NPR And Member Stations Take A Wide View Of March On Washington
Today the March on Washington celebrates its 50th year in U.S. history, as one of our nation's largest - and most effective - political rallies for widespread socio-economic change. To commemorate the date, NPR and Member Stations are taking a "then and now" look at the March's legacy with the special series The Summer of '63 and live coverage of today's ceremony on your local station or at npr.org.
The series takes a holistic approach to understanding the original impetus behind that restless summer, and its reach across five decades of similar struggles: from interviews with both witnesses to the mid-century movement and modern figureheads for progress; to the role of food and music as tools for change (and, yes, soul-stirring playlists); to innovative social media call-outs designed to spark new dialogue with listeners, through a lens of the past.
Throughout today's anniversary, check in with us to discover never-before-told stories, inspiring multimedia explorations of events old and new and how you can contribute to this ongoing story surrounding the pursuit of the American Dream.
Can't recall the details of 1963, or weren't born yet? NPR's Code Switch has compiled moments from that pivotal summer using a modern twist: Twitter. Browse @todayin1963 for news reports, photos and quotes tweeted in real time as they happened in 1963.
Over the weekend, hundreds of thousands of people gathered for a commemorative march at the National Mall. Code Switch lead blogger Gene Demby was onsite live-tweeting and capturing reactions from modern day March-goers:
geedee215: Among the locals, an old voting rights issue kept popping up. #MOW2013
The Race Card Project
What was it like to travel north to Washington, D.C., as a southern black man in 1963? Who are the participants that stood on the National Mall in the August heat to witness history? NPR special correspondent Michele Norris hears from attendees of the 1963 March, and extracts their thoughts on race relations in America then and now through The Race Card Project's six-word essays. Norris spoke with Edith Lee-Payne, who's 12 year-old face was immortalized in an iconic photo from the March on Washington, about how she found out decades later that her image had been used to tell the history of the civil rights movement.
The Picture Show
Stories from The Race Card Project come to life through this flashback audio-visual experiment that pulls from real archival materials from witnesses of the 1963 March.
The Picture Show's Chloe Coleman was also at the National Mall this weekend. See new and returning faces she captured throughout the day. Coleman writes:
Dr.
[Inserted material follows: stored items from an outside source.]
(* Let $G=(V,E)$ be a connected graph with positive edge costs $c:E\to\mathbb{R}_+$, let $\alpha\ge1$, and let $(U,\complement{U})$ be an $\alpha$-approximate minimum cut of $G$. Then there exists a subset $T\subseteq\complement{U}$ with $|T|\le\lfloor2\alpha\rfloor+1$ such that $(U,\complement{U})$ is the unique minimum $(U,T)$-terminal cut.
   Context: A cut is a partition of $V$ into two non-empty parts; for $\emptyset\ne U\subsetneq V$ write $\complement{U}=V\setminus U$ and $d(U)$ for the total cost of edges with exactly one endpoint in $U$. Let $\lambda=\min\{d(U):\emptyset\ne U\subsetneq V\}$; $(U,\complement{U})$ is an $\alpha$-approximate minimum cut if $d(U)\le\alpha\lambda$. For disjoint non-empty $S,T\subseteq V$, a cut $(X,\complement{X})$ is an $(S,T)$-terminal cut if $S\subseteq X\subseteq V\setminus T$; a minimum $(S,T)$-terminal cut is one minimizing $d(X)$ among these. *)

theory Defs
  imports Complex_Main
begin

definition graph :: "'a set \<Rightarrow> 'a set set \<Rightarrow> bool" where
  "graph V E \<longleftrightarrow> finite V \<and> (\<forall>e\<in>E. e \<subseteq> V \<and> card e = 2)"

definition adj :: "'a set set \<Rightarrow> ('a \<times> 'a) set" where
  "adj E = {(u, v). {u, v} \<in> E}"

definition connected_graph :: "'a set \<Rightarrow> 'a set set \<Rightarrow> bool" where
  "connected_graph V E \<longleftrightarrow> graph V E \<and> V \<noteq> {} \<and>
     (\<forall>u\<in>V. \<forall>v\<in>V. (u, v) \<in> (adj E)\<^sup>*)"

definition cut_cost :: "'a set set \<Rightarrow> ('a set \<Rightarrow> real) \<Rightarrow> 'a set \<Rightarrow> real" where
  "cut_cost E c U = (\<Sum>e\<in>{e\<in>E. card (e \<inter> U) = 1}. c e)"

definition is_cut :: "'a set \<Rightarrow> 'a set \<Rightarrow> bool" where
  "is_cut V U \<longleftrightarrow> U \<noteq> {} \<and> U \<subset> V"

definition min_cut_value :: "'a set \<Rightarrow> 'a set set \<Rightarrow> ('a set \<Rightarrow> real) \<Rightarrow> real" where
  "min_cut_value V E c = Min {cut_cost E c U | U. is_cut V U}"

definition approx_min_cut ::
  "'a set \<Rightarrow> 'a set set \<Rightarrow> ('a set \<Rightarrow> real) \<Rightarrow> real \<Rightarrow> 'a set \<Rightarrow> bool" where
  "approx_min_cut V E c \<alpha> U \<longleftrightarrow> is_cut V U \<and> cut_cost E c U \<le> \<alpha> * min_cut_value V E c"

definition terminal_cut :: "'a set \<Rightarrow> 'a set \<Rightarrow> 'a set \<Rightarrow> 'a set \<Rightarrow> bool" where
  "terminal_cut V S T X \<longleftrightarrow> is_cut V X \<and> S \<subseteq> X \<and> X \<subseteq> V - T"

definition unique_min_terminal_cut ::
  "'a set \<Rightarrow> 'a set set \<Rightarrow> ('a set \<Rightarrow> real) \<Rightarrow> 'a set \<Rightarrow> 'a set \<Rightarrow> 'a set \<Rightarrow> bool" where
  "unique_min_terminal_cut V E c S T X \<longleftrightarrow>
     S \<noteq> {} \<and> T \<noteq> {} \<and> S \<inter> T = {} \<and> S \<subseteq> V \<and> T \<subseteq> V \<and>
     terminal_cut V S T X \<and>
     (\<forall>Y. terminal_cut V S T Y \<and> Y \<noteq> X \<longrightarrow> cut_cost E c X < cut_cost E c Y)"

end

theory Submission
  imports Defs
begin

text \<open>Let \<open>T \<subseteq> V - U\<close> be of minimum cardinality such that \<open>U\<close> is the unique minimum
  \<open>(U,T)\<close>-terminal cut (\<open>T = V - U\<close> qualifies) and fix \<open>t\<^sub>0 \<in> T\<close>. By minimality, every other
  terminal \<open>s\<close> is isolated by a set \<open>Y\<^sub>s \<supseteq> U\<close> with \<open>Y\<^sub>s \<inter> T = {s}\<close> and \<open>d(Y\<^sub>s) \<le> d(U)\<close>.
  Let \<open>m(v)\<close> count the \<open>Y\<^sub>s\<close> containing \<open>v\<close> and \<open>n = |T| - 1\<close>. Uncrossing, the level sets
  \<open>{m \<ge> j}\<close>, \<open>3 \<le> j \<le> n\<close>, together with the private parts \<open>{v \<in> Y\<^sub>s. m(v) = 1}\<close> cost at most
  \<open>\<Sum>\<^sub>s d(Y\<^sub>s) \<le> n d(U)\<close>. The level sets are \<open>(U,T)\<close>-terminal cuts and the private parts are
  cuts, so \<open>(n - 2) d(U) + n \<lambda> \<le> n d(U)\<close>, i.e. \<open>n \<lambda> \<le> 2 d(U) \<le> 2 \<alpha> \<lambda>\<close>.\<close>

lemma card_Int_doubleton_eq_1_iff:
  assumes "x \<noteq> y"
  shows "card ({x, y} \<inter> X) = 1 \<longleftrightarrow> (x \<in> X) \<noteq> (y \<in> X)"
  using assms by (cases "x \<in> X"; cases "y \<in> X") (auto simp: Int_insert_left)

lemma graph_finite_edges: "graph V E \<Longrightarrow> finite E"
  unfolding graph_def by (meson Pow_iff finite_Pow_iff finite_subset subsetI)

lemma cut_cost_nonneg: "\<forall>e\<in>E. 0 \<le> c e \<Longrightarrow> 0 \<le> cut_cost E c X"
  unfolding cut_cost_def by (intro sum_nonneg) auto

lemma sum_cut_cost_eq_crossing_count:
  assumes "finite E" "finite I"
  shows "(\<Sum>i\<in>I. cut_cost E c (F i)) = (\<Sum>e\<in>E. c e * card {i\<in>I. card (e \<inter> F i) = 1})"
proof -
  have "(\<Sum>i\<in>I. cut_cost E c (F i)) = (\<Sum>i\<in>I. \<Sum>e\<in>E. if card (e \<inter> F i) = 1 then c e else 0)"
    unfolding cut_cost_def using assms(1) by (simp add: sum.inter_filter)
  also have "\<dots> = (\<Sum>e\<in>E. \<Sum>i\<in>I. if card (e \<inter> F i) = 1 then c e else 0)"
    by (rule sum.swap)
  also have "\<dots> = (\<Sum>e\<in>E. c e * card {i\<in>I. card (e \<inter> F i) = 1})"
    using assms(2) by (simp add: sum.inter_filter[symmetric] mult.commute)
  finally show ?thesis .
qed

text \<open>Per-edge form of the uncrossing inequality below: for an edge \<open>{x, y}\<close>, \<open>a\<close> and \<open>b\<close>
  are the indices \<open>s\<close> with \<open>x \<in> Y s\<close>, resp. \<open>y \<in> Y s\<close>.\<close>

lemma level_and_singleton_crossings_le_ordered:
  assumes S: "finite S" and ab: "a \<subseteq> S" "b \<subseteq> S" and le: "card a \<le> card b"
  shows "card {j\<in>{3..card S}. (j \<le> card a) \<noteq> (j \<le> card b)}
       + card {t\<in>S. (t \<in> a \<and> card a = 1) \<noteq> (t \<in> b \<and> card b = 1)}
       \<le> card {t\<in>S. (t \<in> a) \<noteq> (t \<in> b)}"
proof (cases "card a = 1 \<and> card b = 1")
  case True
  then show ?thesis by simp
next
  case False
  have "card b - card a \<le> card (b - a)"
    using S ab by (intro diff_card_le_card_Diff) (auto intro: finite_subset)
  also have "\<dots> \<le> card {t\<in>S. (t \<in> a) \<noteq> (t \<in> b)}"
    using S ab by (intro card_mono) auto
  finally have sym_diff: "card b - card a \<le> card {t\<in>S. (t \<in> a) \<noteq> (t \<in> b)}" .
  have "{j\<in>{3..card S}. (j \<le> card a) \<noteq> (j \<le> card b)} \<subseteq> {Suc (max (card a) 2)..card b}"
    using le by auto
  then have levels: "card {j\<in>{3..card S}. (j \<le> card a) \<noteq> (j \<le> card b)} \<le> card b - max (card a) 2"
    using card_mono[of "{Suc (max (card a) 2)..card b}"] by fastforce
  have "{t\<in>S. (t \<in> a \<and> card a = 1) \<noteq> (t \<in> b \<and> card b = 1)}
      = (if card a = 1 then a else if card b = 1 then b else {})"
    using False ab by auto
  then have singletons: "card {t\<in>S. (t \<in> a \<and> card a = 1) \<noteq> (t \<in> b \<and> card b = 1)}
      \<le> (if card a = 1 \<or> card b = 1 then 1 else 0)"
    by auto
  have "card b - max (card a) 2 + (if card a = 1 \<or> card b = 1 then 1 else 0) \<le> card b - card a"
    using False le by auto
  then show ?thesis using sym_diff levels singletons by linarith
qed

lemma level_and_singleton_crossings_le:
  assumes "finite S" "a \<subseteq> S" "b \<subseteq> S"
  shows "card {j\<in>{3..card S}. (j \<le> card a) \<noteq> (j \<le> card b)}
       + card {t\<in>S. (t \<in> a \<and> card a = 1) \<noteq> (t \<in> b \<and> card b = 1)}
       \<le> card {t\<in>S. (t \<in> a) \<noteq> (t \<in> b)}"
proof (cases "card a \<le> card b")
  case True
  then show ?thesis using level_and_singleton_crossings_le_ordered assms by blast
next
  case False
  have swap: "(P \<noteq> Q) = (Q \<noteq> P)" for P Q :: bool
    by blast
  from False have "card b \<le> card a"
    by simp
  with assms show ?thesis
    using level_and_singleton_crossings_le_ordered[of S b a] by (simp only: swap)
qed

definition cover_count :: "'b set \<Rightarrow> ('b \<Rightarrow> 'a set) \<Rightarrow> 'a \<Rightarrow> nat" where
  "cover_count S Y v = card {s\<in>S. v \<in> Y s}"

lemma uncrossing_levels_private_parts:
  assumes E: "finite E" "\<forall>e\<in>E. card e = 2" and c: "\<forall>e\<in>E. 0 \<le> c e" and S: "finite S"
  shows "(\<Sum>j\<in>{3..card S}. cut_cost E c {v. j \<le> cover_count S Y v})
       + (\<Sum>s\<in>S. cut_cost E c {v \<in> Y s. cover_count S Y v = 1})
       \<le> (\<Sum>s\<in>S. cut_cost E c (Y s))"
proof -
  have crossings: "card {j\<in>{3..card S}. card (e \<inter> {v. j \<le> cover_count S Y v}) = 1}
      + card {s\<in>S. card (e \<inter> {v \<in> Y s. cover_count S Y v = 1}) = 1}
      \<le> card {s\<in>S. card (e \<inter> Y s) = 1}" if "e \<in> E" for e
  proof -
    obtain x y where e: "e = {x, y}" "x \<noteq> y"
      using E \<open>e \<in> E\<close> by (metis card_2_iff)
    define a b where "a = {s\<in>S. x \<in> Y s}" and "b = {s\<in>S. y \<in> Y s}"
    have cover: "cover_count S Y x = card a" "cover_count S Y y = card b"
      unfolding cover_count_def a_def b_def by simp_all
    have "{j\<in>{3..card S}. card (e \<inter> {v. j \<le> cover_count S Y v}) = 1}
        = {j\<in>{3..card S}. (j \<le> card a) \<noteq> (j \<le> card b)}"
      unfolding e(1) card_Int_doubleton_eq_1_iff[OF e(2)] using cover by auto
    moreover have "{s\<in>S. card (e \<inter> {v \<in> Y s. cover_count S Y v = 1}) = 1}
        = {s\<in>S. (s \<in> a \<and> card a = 1) \<noteq> (s \<in> b \<and> card b = 1)}"
      unfolding e(1) card_Int_doubleton_eq_1_iff[OF e(2)] using cover by (auto simp: a_def b_def)
    moreover have "{s\<in>S. card (e \<inter> Y s) = 1} = {s\<in>S. (s \<in> a) \<noteq> (s \<in> b)}"
      unfolding e(1) card_Int_doubleton_eq_1_iff[OF e(2)] by (auto simp: a_def b_def)
    ultimately show ?thesis
      using level_and_singleton_crossings_le[OF S, of a b] by (simp add: a_def b_def)
  qed
  have "(\<Sum>j\<in>{3..card S}. cut_cost E c {v. j \<le> cover_count S Y v})
       + (\<Sum>s\<in>S. cut_cost E c {v \<in> Y s. cover_count S Y v = 1})
     = (\<Sum>e\<in>E. c e * (card {j\<in>{3..card S}. card (e \<inter> {v. j \<le> cover_count S Y v}) = 1}
                       + card {s\<in>S. card (e \<inter> {v \<in> Y s. cover_count S Y v = 1}) = 1}))"
    using E S by (simp add: sum_cut_cost_eq_crossing_count sum.distrib distrib_left)
  also have "\<dots> \<le> (\<Sum>e\<in>E. c e * card {s\<in>S. card (e \<inter> Y s) = 1})"
    using c crossings by (intro sum_mono mult_left_mono) (auto simp flip: of_nat_add)
  also have "\<dots> = (\<Sum>s\<in>S. cut_cost E c (Y s))"
    using E S by (simp add: sum_cut_cost_eq_crossing_count)
  finally show ?thesis .
qed

lemma finite_cut_costs: "finite V \<Longrightarrow> finite {cut_cost E c U | U. is_cut V U}"
proof -
  assume "finite V"
  moreover have "{cut_cost E c U | U. is_cut V U} \<subseteq> cut_cost E c ` Pow V"
    unfolding is_cut_def by auto
  ultimately show ?thesis
    by (meson finite_Pow_iff finite_imageI finite_subset)
qed

lemma min_cut_value_le:
  assumes "graph V E" "is_cut V X"
  shows "min_cut_value V E c \<le> cut_cost E c X"
  using assms finite_cut_costs[of V E c] unfolding min_cut_value_def graph_def
  by (intro Min_le) auto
Josephine Ball was in her 30s when she attended the 1963 March. "I knew what I was getting into and definitely wanted to be here," Bell says. "I've been fighting for rights all my life."
Tell Me More
What are the key components in past, present and future civil rights movements? Tell Me More host Michel Martin led a discussion with two prominent political players: Michael Steele, former RNC chairman, and Democratic strategist Donna Brazile. Martin also teamed up with U.S. Secretary of Education Arne Duncan for a Twitter forum exploring the critical role that education plays in patterns of social change. During Martin's interview with athlete and attendee of the 1963 March John Tatum, he spoke about what Martin Luther King Jr.'s dream meant to him then, and how it speaks to him now.
NPR Member Stations
The nation's capital wasn't the only section of the country impacted by the events of 1963. Here's a recap of how public media stations across the country are sharing unique sets of stories that amplify the March's national scope.
WYPR called out to listeners who attended the 1963 March to share their stories. Read the entire collection of 'Your Stories.'
WGBH's Media Library and Archives has the only tapes of the original March broadcast in existence and will air this on-site coverage starting at 2 p.m. (ET) on Wednesday, August 28. Explore more public media coverage from WGBH.
Rev. Bernice King talks about her father's symbolic speech with WABE's Rose Scott.
KQED, Northern California
Check out the forum, An Insider's View on the 1963 March on Washington.
KPCC, Southern California
Many lives were changed alongside the National Mall's Reflecting Pool on August 28, 1963. Former New York-resident March Haefele, of KPCC's Off-Ramp, shares his story. He recalls:
And so somehow we, a majority non-black liberal group, found ourselves rattling off to Washington to march for civil rights fifty years ago ... simply because going seemed the right thing to do.
Colorado Public Radio
CPR asked two teens to watch Martin Luther King's "I Have a Dream" speech together and reports on their reactions.
Many Chicagoans had front-row seats to the original March, whether traveling to Washington, D.C., by train, or following from their TV sets at home. Listen to these WBEZ stories that commemorate the historic day from the perspective of Chicago locals. The station also invited listeners to tweet their thoughts with #AfternoonShift.
WSKG, New York's Southern Tier and Northern Pennsylvania
Catch up with WSKG events to commemorate the March, including a day-long online screening and live chat.
WAMU, Washington, D.C.
Over the weekend hundreds of thousands gathered at the National Mall in Washington, D.C., to reflect on the 1963 March and to hear words from today's leaders. Search WAMU for related coverage of events around the capital city.
Cara Philbin contributed to this post.